Bruner starts out on the right track (give your building an identity and have it tell a story) but then delivers a record scratch at the end: how do better tech and more services build an identity or tell a story? While it’s conceivable that a certain suite of amenities may attract like-minded tenants, amenities – especially tech-based ones – obsolesce quickly, and their lack of staying power translates into an inability to tell any sort of cohesive story or to tie together a community.
Later, the piece dives into what I think is the heart of the matter, which is that developers and apartment managers haven’t yet mastered the art of building communities in apartment buildings. Cities are both notorious and adored for their anonymity and countering that prevailing mindset is a massive challenge. As Bruner says, they have to teach people how to make friends within their own building. So instead of offering just yoga studios, they’re supply actual yoga teachers.
KIN, the arm of Tishman Speyer launched in partnership with co-living company Common, is wagering that the best way to goad residents into making friends is through the sharing economy. It's novel to see the market used as a tool to seed community. Capitalism is good for many things, but it hasn't exactly earned its stars as a uniting factor. Can it work? This is how KIN envisions it playing out: say you need a babysitter and another family in the building also needs a babysitter on the same night. Through their concierge, you can arrange to share the babysitter, thus decreasing your cost, and possibly meeting a friend in the process.
The challenge is that in this scenario, the actions used as the basis of friendship formation - finding a babysitter - aren't particularly meaningful. If developers want to create buildings with identity, then what they're really after is creating meaningful experiences for their residences and tying those experiences to the building. This is, obviously, a much more complicated task than selecting from a menu of hot new amenities.
They should steal a page from religion’s playbook. There's a reason religious congregations, with their traditions and ability to house lifecycle events, have historically offered such a successful and stable platform for community growth. Proximity and cost-sharing does not have the same heft.

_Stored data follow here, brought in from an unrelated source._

lemma cinner_sum_left:
  "finite F \<Longrightarrow> cinner (\<Sum>a\<in>F. f a) (y::'a::complex_inner) = (\<Sum>a\<in>F. cinner (f a) y)"
  by (induction F rule: finite_induct) (simp_all add: cinner_add_left)

lemma cinner_sum_right:
  "finite F \<Longrightarrow> cinner (y::'a::complex_inner) (\<Sum>a\<in>F. f a) = (\<Sum>a\<in>F. cinner y (f a))"
  by (induction F rule: finite_induct) (simp_all add: cinner_add_right)

lemma complex_cauchy_schwarz: "cmod (cinner (x::'a::complex_inner) y) \<le> norm x * norm y"
proof (cases "y = 0")
  case True
  then show ?thesis by simp
next
  case False
  define p where "p = cinner x y"
  define n where "n = (norm y)\<^sup>2"
  have n: "n > 0" using False by (simp add: n_def)
  define a where "a = p / complex_of_real n"
  have yy: "cinner y y = complex_of_real n" by (simp add: cinner_self_norm n_def)
  \<comment> \<open>expand \<open>\<parallel>x - a y\<parallel>\<^sup>2 \<ge> 0\<close> for the projection coefficient \<open>a\<close>\<close>
  have "complex_of_real ((norm (x + (- a) *\<^sub>C y))\<^sup>2)
      = cinner x x + cnj (- a) * p + (- a) * cnj p + (- a) * cnj (- a) * complex_of_real n"
    unfolding cinner_self_norm[symmetric] cinner_add_left cinner_add_right cinner_cscale_left
      cinner_cscale_right yy cinner_commute[of y x] p_def
    by (simp add: algebra_simps)
  also have "\<dots> = complex_of_real ((norm x)\<^sup>2 - (cmod p)\<^sup>2 / n)"
    using n complex_norm_square[of p] unfolding a_def cinner_self_norm
    by (simp add: field_simps)
  finally have "(cmod p)\<^sup>2 / n \<le> (norm x)\<^sup>2"
    by (smt (verit) of_real_eq_iff zero_le_power2)
  then have "(cmod p)\<^sup>2 \<le> (norm x * norm y)\<^sup>2"
    using n by (simp add: divide_le_eq n_def power_mult_distrib)
  then show ?thesis unfolding p_def by (rule power2_le_imp_le) simp
qed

You have to ask yourself: how often have you become close friends with the person you run into at the mailbox or with whom you share a dog-walker? Proximity does breed attraction, as the saying goes, but if you're looking to seed durable relationships then you'd be better served if the shared activity itself had some meaning beyond time- and cost-savings. If this is the direction we are moving in - where we will be increasingly moving into high rises and will use them as our community-defining spaces - then if we want those communities to be substantial we will need more intentionality around the seeding actions.

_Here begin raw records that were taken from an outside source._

(* (i) For integers $r\geq1$, $k_1\geq2$, $k_2,\ldots,k_r\geq1$, \[ \lim_{m\to\infty}\zeta^{\star}(k_1,\ldots,k_r,\{2\}^m)=\sum_{n_1\geq\cdots\geq n_r\geq1}\frac{2}{n_1^{k_1}\cdots n_{r-1}^{k_{r-1}}\,n_r^{k_r-1}(n_r+1)}. \] (ii) For every integer $p\geq2$, \[ \lim_{m\to\infty}\zeta^{\star}(\{p\}^m)=\prod_{n\geq2}\frac{1}{1-n^{-p}}. \]
   Context: $\zeta^{\star}(k_1,\ldots,k_r)=\sum_{n_1\geq\cdots\geq n_r\geq 1}\frac{1}{n_1^{k_1}\cdots n_r^{k_r}}$ for $k_1\geq2$, $k_2,\ldots,k_r\geq1$; $\{p\}^m$ denotes $m$ consecutive arguments equal to $p$. *)

theory Defs
  imports "HOL-Analysis.Analysis"
begin

definition zs_index :: "nat \<Rightarrow> nat list set" where
  "zs_index r = {ns. length ns = r \<and> sorted_wrt (\<ge>) ns \<and> (\<forall>n\<in>set ns. 1 \<le> n)}"

text \<open>Multiple zeta-star value zeta*(k_1,...,k_r) (meaningful for k_1 \<ge> 2, k_i \<ge> 1).\<close>
definition zeta_star :: "nat list \<Rightarrow> real" where
  "zeta_star ks = (\<Sum>\<^sub>\<infinity>ns\<in>zs_index (length ks). \<Prod>i<length ks. 1 / real (ns ! i) ^ (ks ! i))"

end

theory Submission
  imports Defs
begin

text \<open>Truncate the sums at \<open>n_1 \<le> N\<close>. The tail \<open>{p}^m\<close> then enters only through the
  weight \<open>h_m(n) = \<zeta>\<^sup>\<star>_{\<le>n}({p}^m)\<close> it puts on the last index \<open>n = n_r\<close>. As \<open>m \<rightarrow> \<infinity>\<close>
  these weights increase to the solution of \<open>h(n) = h(n - 1) + n^{-p} h(n)\<close>, \<open>h(1) = 1\<close>,
  namely \<open>\<Prod>_{2 \<le> j \<le> n} (1 - j^{-p})^{-1}\<close>, which is \<open>2n/(n + 1)\<close> for \<open>p = 2\<close>.
  All terms are nonnegative and the weights stay below 2, so for \<open>k_1 \<ge> 2\<close> the truncated
  sums are uniformly bounded (by a multiple of \<open>\<Sum> n^{-3/2}\<close>) and the limits in \<open>m\<close> and \<open>N\<close>
  can be exchanged.\<close>

definition zs_index_upto :: "nat \<Rightarrow> nat \<Rightarrow> nat list set" where
  "zs_index_upto r N = {ns. length ns = r \<and> sorted_wrt (\<ge>) ns \<and> (\<forall>n\<in>set ns. 1 \<le> n \<and> n \<le> N)}"

definition zs_term :: "nat list \<Rightarrow> nat list \<Rightarrow> real" where
  "zs_term ks ns = (\<Prod>i<length ks. 1 / real (ns ! i) ^ (ks ! i))"

text \<open>The weight \<open>\<phi>\<close> sits on the last index \<open>n_r\<close> (on \<open>N\<close> if \<open>ks = []\<close>),
  cf. \<open>zs_partial_eq_sum\<close>.\<close>
fun zs_partial :: "nat list \<Rightarrow> (nat \<Rightarrow> real) \<Rightarrow> nat \<Rightarrow> real" where
  "zs_partial [] \<phi> N = \<phi> N"
| "zs_partial (k # ks) \<phi> N = (\<Sum>n = 1..N. 1 / real n ^ k * zs_partial ks \<phi> n)"

definition euler_partial :: "nat \<Rightarrow> nat \<Rightarrow> real" where
  "euler_partial p N = (\<Prod>n = 2..N. 1 / (1 - 1 / real n ^ p))"

lemma finite_zs_index_upto: "finite (zs_index_upto r N)"
proof -
  have "zs_index_upto r N \<subseteq> {ns. set ns \<subseteq> {1..N} \<and> length ns = r}"
    unfolding zs_index_upto_def by auto
  then show ?thesis
    using finite_lists_length_eq[of "{1..N}" r] finite_subset by blast
qed

lemma zs_index_upto_0: "zs_index_upto 0 N = {[]}"
  unfolding zs_index_upto_def by auto

lemma zs_index_upto_Suc:
  "zs_index_upto (Suc r) N = (\<lambda>(n, ns). n # ns) ` (SIGMA n:{1..N}. zs_index_upto r n)"
proof (rule set_eqI)
  fix xs
  show "xs \<in> zs_index_upto (Suc r) N \<longleftrightarrow> xs \<in> (\<lambda>(n, ns). n # ns) ` (SIGMA n:{1..N}. zs_index_upto r n)"
  proof
    assume xs: "xs \<in> zs_index_upto (Suc r) N"
    then obtain n ns where "xs = n # ns"
      unfolding zs_index_upto_def by (cases xs) auto
    with xs show "xs \<in> (\<lambda>(n, ns). n # ns) ` (SIGMA n:{1..N}. zs_index_upto r n)"
      unfolding zs_index_upto_def using le_trans by force
  qed (unfold zs_index_upto_def, use le_trans in fastforce)
qed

KIN would be wise to design their community building not just around everyday resource sharing, but also around low-level lifecycle events - moments that encourage us to think about the passage of time or our roles in the community. It sounds far-fetched, but it’s not. Building managers take on a vastly more significant role in this world, becoming not just part hotel concierge, but, as crazy as it sounds, part quasi-clergy as well. They could leverage their building’s open spaces to host preschool graduations or school plays so that residents associate their spaces, and the faces they see in them, with moments in their lives that have real meaning. Because it's at those moments that people are present and open to making stronger connections.
And from a real estate value prospective, a building that creates actual community becomes more valuable, because while the tech amenities look great today, they look passé within two years. Friendships and community, however, do not.